Today, we’re diving deep into the Titanic dataset — yes, the one where Jack could’ve probably fit on that door. 

Our mission? To examine distribution, skewness, centering, and other properties of the dataset.

No fluff — just straightforward Python code and simple explanations with a touch of humor. Let’s set sail!

1. Loading the Dataset: Meet the Titanic Passengers

First, let’s import our tools and load the dataset.

import pandas as pd
import seaborn as sns
import matplotlib.pyplot as plt
import scipy.stats as stats

# Load Titanic dataset
data = sns.load_dataset('titanic')
data.head()

Explanation:
 We’re using three key libraries:

  • Pandas: For data manipulation
  • Seaborn: For visualization (and the Titanic dataset)
  • Matplotlib: For displaying plots

Output:
 The first five rows of the dataset, featuring columns like survived, pclass, sex, age, and fare.


2. Visualizing Data Distributions

Let’s start by visualizing the age distribution — because age played a big role in survival rates.

# Visualize the distribution of 'age'
sns.histplot(data['age'].dropna(), kde=True)
plt.title('Distribution of Age on Titanic')
plt.show()

Explanation:

  • histplot() creates a histogram with a density curve (kde=True).
  • .dropna() removes missing values (because some ages are unknown).

Output:

A bell-shaped curve showing that most passengers were between 20–40 years old, with fewer younger and older passengers.

3. Understanding Skewness: Is the Data Lopsided?

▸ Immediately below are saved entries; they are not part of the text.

definition precision :: "nat \<Rightarrow> nat" where
  "precision j = snd (from_nat j :: rat list \<times> nat)"

definition target :: "nat \<Rightarrow> nat \<Rightarrow> real" where
  "target j i = (if i < length (target_list j) then of_rat (target_list j ! i) else 0)"

definition target_mass :: "nat \<Rightarrow> real" where
  "target_mass j = (\<Sum>i<length (target_list j). (target j i)\<^sup>2 * (real i + 2))"

definition zeta :: real where
  "zeta = (\<Sum>t. real (Suc t) powr (-1 - sigma))"

text \<open>Only large N carry a block: the length condition keeps blocks disjoint, the mass
  condition bounds what the block contributes to earlier orbit points, and the last condition
  pushes the sum of these contributions below the requested precision.\<close>

definition active :: "nat \<Rightarrow> bool" where
  "active N \<longleftrightarrow> 1 \<le> N \<and> length (target_list (dyadic_index N)) \<le> N
     \<and> target_mass (dyadic_index N) \<le> real N powr sigma
     \<and> 2 * zeta * (real (precision (dyadic_index N)) + 1)\<^sup>2 < real N powr sigma"

text \<open>Block N occupies the positions N^(p+1) + i with i below the length of its target,
  which is at most N; hence distinct blocks are disjoint.  The entries are the target values
  divided by the weight products, so that the shift by N^(p+1) lands exactly on the target.\<close>

definition in_block :: "nat \<Rightarrow> nat \<Rightarrow> nat \<Rightarrow> bool" where
  "in_block k N i \<longleftrightarrow> active N \<and> i < length (target_list (dyadic_index N)) \<and> k = N ^ Suc p + i"

definition hc_vector :: "nat \<Rightarrow> real" where
  "hc_vector k = (if \<exists>N i. in_block k N i
     then (case SOME t. in_block k (fst t) (snd t) of
             (N, i) \<Rightarrow> target (dyadic_index N) i * W i / W k)
     else 0)"

lemma sigma_pos: "0 < sigma"
  using p_ge_1 by (simp add: sigma_def)

lemma summable_zeta: "summable (\<lambda>t. real (Suc t) powr (-1 - sigma))"
  using summable_real_powr_iff[of "-1 - sigma"] sigma_pos
    summable_Suc_iff[of "\<lambda>t. real t powr (-1 - sigma)"]
  by simp

lemma sum_le_zeta: "(\<Sum>t<B. real (Suc t) powr (-1 - sigma)) \<le> zeta"
  unfolding zeta_def by (rule sum_le_suminf[OF summable_zeta]) auto

lemma in_block_unique:
  assumes "in_block k N i" and "in_block k N' i'"
  shows "N = N' \<and> i = i'"
proof -
  have k: "k = N ^ Suc p + i" "k = N' ^ Suc p + i'" and "i < N" "i' < N'"
    using assms unfolding in_block_def active_def by auto
  moreover have "2 \<le> Suc p" using p_ge_1 by simp
  ultimately have "\<not> N < N'" "\<not> N' < N"
    using power_add_less_power[of N N' "Suc p"] power_add_less_power[of N' N "Suc p"] by auto
  thus ?thesis using k by auto
qed

lemma in_block_le: "in_block k N i \<Longrightarrow> N \<le> k"
  unfolding in_block_def active_def by (simp add: trans_le_add1 self_le_power)

lemma in_block_after:
  assumes N: "active N" and i: "length (target_list (dyadic_index N)) \<le> i"
    and b: "in_block (N ^ Suc p + i) N' i'"
  shows "N < N'"
proof (rule ccontr)
  have k: "N ^ Suc p + i = N' ^ Suc p + i'"
    and i': "i' < length (target_list (dyadic_index N'))" "i' < N'"
    using b unfolding in_block_def active_def by auto
  assume "\<not> N < N'"
  then consider "N' < N" | "N' = N" by linarith
  thus False
  proof cases
    case 1
    have "N' ^ Suc p + N' < N ^ Suc p" using power_add_less_power[OF 1, of "Suc p"] p_ge_1 by simp
    thus False using k i'(2) by linarith
  next
    case 2
    thus False using k i i'(1) by simp
  qed
qed

lemma hc_vector_in_block:
  assumes "in_block k N i"
  shows "hc_vector k = target (dyadic_index N) i * W i / W k"
proof -
  have "in_block k (fst (N, i)) (snd (N, i))" using assms by simp
  hence "(SOME t. in_block k (fst t) (snd t)) = (N, i)"
    using in_block_unique[OF assms] by (metis (mono_tags, lifting) prod.collapse someI)
  thus ?thesis unfolding hc_vector_def using assms by auto
qed

lemma hc_vector_eq_0: "\<not> (\<exists>N i. in_block k N i) \<Longrightarrow> hc_vector k = 0"
  unfolding hc_vector_def by (simp only: if_False)

text \<open>An entry of block N', seen at coordinate i after n shifts (n below the block start),
  is damped by the weights since i + 2 \<ge> N'^(p+1) - n.\<close>

lemma shifted_hc_vector_sq_le:
  assumes b: "in_block (n + i) N' i'" and n: "n < N' ^ Suc p"
  shows "((bshift w ^^ n) hc_vector i)\<^sup>2
    \<le> (target (dyadic_index N') i')\<^sup>2 * (real i' + 2) * real (N' ^ Suc p - n) powr (- (1 / real p))"
proof -
  have k: "n + i = N' ^ Suc p + i'" using b unfolding in_block_def by simp
  have "(bshift w ^^ n) hc_vector i = target (dyadic_index N') i' * (W i' / W i)"
    using hc_vector_in_block[OF b] W_pos[of i] W_pos[of "n + i"]
    by (simp add: bshift_iterate add.commute field_simps)
  hence "((bshift w ^^ n) hc_vector i)\<^sup>2
      = (target (dyadic_index N') i')\<^sup>2 * ((real i' + 2) / (real i + 2)) powr (1 / real p)"
    by (simp only: power_mult_distrib W_quotient_sq)
  also have "\<dots> \<le> (target (dyadic_index N') i')\<^sup>2
      * ((real i' + 2) * real (N' ^ Suc p - n) powr (- (1 / real p)))"
  proof (intro mult_left_mono powr_quotient_le)
    have "real (N' ^ Suc p - n) = real (N' ^ Suc p) - real n" using n by (simp add: of_nat_diff)
    moreover have "real n + real i = real (N' ^ Suc p) + real i'"
      using arg_cong[OF k, of real] by simp
    moreover have "real n + 1 \<le> real (N' ^ Suc p)" using n by linarith
    ultimately show "1 \<le> real (N' ^ Suc p - n)" "real (N' ^ Suc p - n) \<le> real i + 2" by linarith+
  qed (use p_ge_1 in auto)
  finally show ?thesis by (simp add: mult.assoc)
qed

text \<open>Every nonzero coordinate of the window is an entry of exactly one block; the sum is
  regrouped by blocks.\<close>

lemma sum_shifted_hc_vector_le:
  assumes F: "F \<subseteq> {..<I}"
    and beyond: "\<And>i N' i'. i \<in> F \<Longrightarrow> in_block (n + i) N' i' \<Longrightarrow> n < N' ^ Suc p"
  shows "(\<Sum>i\<in>F. ((bshift w ^^ n) hc_vector i)\<^sup>2)
    \<le> (\<Sum>N'\<in>{N'. N' \<le> n + I \<and> active N' \<and> n < N' ^ Suc p}.
          target_mass (dyadic_index N') * real (N' ^ Suc p - n) powr (- (1 / real p)))"
proof -
  define G where "G = {N'. N' \<le> n + I \<and> active N' \<and> n < N' ^ Suc p}"
  define T where "T = Sigma G (\<lambda>N'. {..<length (target_list (dyadic_index N'))})"
  define g where "g = (\<lambda>(N', i'). (target (dyadic_index N') i')\<^sup>2 * (real i' + 2)
                                  * real (N' ^ Suc p - n) powr (- (1 / real p)))"
  define F' where "F' = {i\<in>F. hc_vector (n + i) \<noteq> 0}"
  have finF: "finite F" using F finite_subset by blast
  have finG: "finite G" unfolding G_def by (rule finite_subset[of _ "{..n + I}"]) auto
  have "(\<Sum>i\<in>F. ((bshift w ^^ n) hc_vector i)\<^sup>2) = (\<Sum>i\<in>F'. ((bshift w ^^ n) hc_vector i)\<^sup>2)"
    by (rule sum.mono_neutral_right[OF finF]) (auto simp: F'_def bshift_iterate add.commute)
  also have "\<dots> \<le> (\<Sum>t\<in>T. g t)"
  proof (rule sum_le_included[where i="\<lambda>(N', i'). N' ^ Suc p + i' - n"])
    show "finite F'" using finF unfolding F'_def by auto
    show "finite T" unfolding T_def using finG by auto
    show "\<forall>t\<in>T. 0 \<le> g t" unfolding g_def by auto
    show "\<forall>i\<in>F'. \<exists>t\<in>T. (case t of (N', i') \<Rightarrow> N' ^ Suc p + i' - n) = i
                         \<and> ((bshift w ^^ n) hc_vector i)\<^sup>2 \<le> g t"
    proof
      fix i assume "i \<in> F'"
      then obtain N' i' where b: "in_block (n + i) N' i'" and iF: "i \<in> F"
        using hc_vector_eq_0 unfolding F'_def by blast
      have k: "n + i = N' ^ Suc p + i'"
        and "active N'" "i' < length (target_list (dyadic_index N'))"
        using b unfolding in_block_def by auto
      moreover have "N' \<le> n + I" using in_block_le[OF b] iF F by auto
      ultimately have "(N', i') \<in> T" using beyond[OF iF b] unfolding T_def G_def by auto
      moreover have "((bshift w ^^ n) hc_vector i)\<^sup>2 \<le> g (N', i')"
        unfolding g_def using shifted_hc_vector_sq_le[OF b beyond[OF iF b]] by simp
      ultimately show "\<exists>t\<in>T. (case t of (N', i') \<Rightarrow> N' ^ Suc p + i' - n) = i
                         \<and> ((bshift w ^^ n) hc_vector i)\<^sup>2 \<le> g t"
        using k by force
    qed
  qed
  also have "(\<Sum>t\<in>T. g t) = (\<Sum>N'\<in>G. \<Sum>i'<length (target_list (dyadic_index N')).
        (target (dyadic_index N') i')\<^sup>2 * (real i' + 2)
        * real (N' ^ Suc p - n) powr (- (1 / real p)))"
    unfolding T_def g_def by (rule sum.Sigma[symmetric]) (use finG in auto)
  also have "\<dots> = (\<Sum>N'\<in>G.
      target_mass (dyadic_index N') * real (N' ^ Suc p - n) powr (- (1 / real p)))"
    unfolding target_mass_def by (simp add: sum_distrib_right)
  finally show ?thesis unfolding G_def .
qed
(* Let $P_k$ denote the $k$-th Legendre polynomial, $k\in\mathbb N$. For every $n\in\mathbb N$, $j\in\{1,\dots,n\}$, $\mathfrak t_n\in\mathbb T(n)$, $\boldsymbol\varphi\in[0,\pi]^{n-1}$, $u\in S^2$, unit vector $\xi\in\mathbb R^3$, and every measurable $\mathrm B:S^2\to\mathbb{SO}(3)$ with $\mathrm B(u)e_3=u$, $$\int_{(0,2\pi)^{n-1}}P_k\big(\mathrm B(u)\mathrm O^*_{j,n}(\mathfrak t_n,\boldsymbol\varphi,\boldsymbol\theta)e_3\cdot\xi\big)\,u_{(0,2\pi)}^{\otimes(n-1)}(d\boldsymbol\theta)=P_k(u\cdot\xi)\,f^{(k)}_{j,n}(\mathfrak t_n,\boldsymbol\varphi),$$ where $f^{(k)}_{1,1}\equiv1$ and, for $n\ge2$, $f^{(k)}_{j,n}(\mathfrak t_n,\boldsymbol\varphi)=f^{(k)}_{j,n_l}(\mathfrak t_n^l,\boldsymbol\varphi^l)P_k(\cos\varphi_{n-1})$ for $j\le n_l$ and $f^{(k)}_{j,n}(\mathfrak t_n,\boldsymbol\varphi)=f^{(k)}_{j-n_l,n_r}(\mathfrak t_n^r,\boldsymbol\varphi^r)P_k(\sin\varphi_{n-1})$ for $j>n_l$.
   Context: $e_3={}^t(0,0,1)$; $u_{(0,2\pi)}^{\otimes(n-1)}$ is the uniform probability on $(0,2\pi)^{n-1}$ (no integral if $n=1$). Trees: a McKean binary tree is a finite rooted tree in which every node has zero or two children, distinguished as left and right; leaves numbered $1,\dots,n$ left to right; $\mathbb T(n)$ those with $n$ leaves, $\mathfrak t_1$ the one-node tree; for $n\ge2$, $\mathfrak t_n^l,\mathfrak t_n^r$ are the subtrees rooted at the left and right child of the root, with $n_l$ and $n_r=n-n_l$ leaves. For $\boldsymbol\varphi=(\varphi_1,\dots,\varphi_{n-1})$: $\boldsymbol\varphi^l=(\varphi_1,\dots,\varphi_{n_l-1})$, $\boldsymbol\varphi^r=(\varphi_{n_l},\dots,\varphi_{n-2})$ (void if $n_l=1$, resp. $n_r=1$), and $\boldsymbol\theta^l,\boldsymbol\theta^r$ likewise for $\boldsymbol\theta\in(0,2\pi)^{n-1}$. $\mathrm M^l(\varphi,\theta)=\begin{pmatrix}-\cos\theta\cos\varphi&\sin\theta&\cos\theta\sin\varphi\\-\sin\theta\cos\varphi&-\cos\theta&\sin\theta\sin\varphi\\ \sin\varphi&0&\cos\varphi\end{pmatrix}$, $\mathrm M^r(\varphi,\theta)=\begin{pmatrix}\sin\theta&\cos\theta\sin\varphi&-\cos\theta\cos\varphi\\-\cos\theta&\sin\theta\sin\varphi&-\sin\theta\cos\varphi\\0&\cos\varphi&\sin\varphi\end{pmatrix}$. $\mathrm O^*_{1,1}\equiv\mathrm{Id}$ and, for $n\ge2$, $\mathrm O^*_{j,n}(\mathfrak t_n,\boldsymbol\varphi,\boldsymbol\theta)=\mathrm M^l(\varphi_{n-1},\theta_{n-1})\mathrm O^*_{j,n_l}(\mathfrak t_n^l,\boldsymbol\varphi^l,\boldsymbol\theta^l)$ for $j\le n_l$ and $=\mathrm M^r(\varphi_{n-1},\theta_{n-1})\mathrm O^*_{j-n_l,n_r}(\mathfrak t_n^r,\boldsymbol\varphi^r,\boldsymbol\theta^r)$ for $j>n_l$. *)

theory Defs
  imports "HOL-Analysis.Analysis"
begin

Skewness tells us whether our data is skewed left, right, or symmetrical — like deciding if your data prefers coffee or tea.

# Calculate skewness
skewness_age = data['age'].skew()
skewness_fare = data['fare'].skew()

print(f"Skewness of Age: {skewness_age:.2f}")
print(f"Skewness of Fare: {skewness_fare:.2f}")

Explanation:

  • Positive skew (> 0): Tail extends to the right.
  • Negative skew (< 0): Tail extends to the left.
  • Zero skew: Perfectly symmetrical.

Output:

Skewness of Age: 0.41
Skewness of Fare: 4.79
  • Age is slightly positively skewed (some older passengers create a right tail).
  • Fare is heavily positively skewed (some passengers paid extremely high fares).

4. Checking Kurtosis: How “Peaky” Is the Data?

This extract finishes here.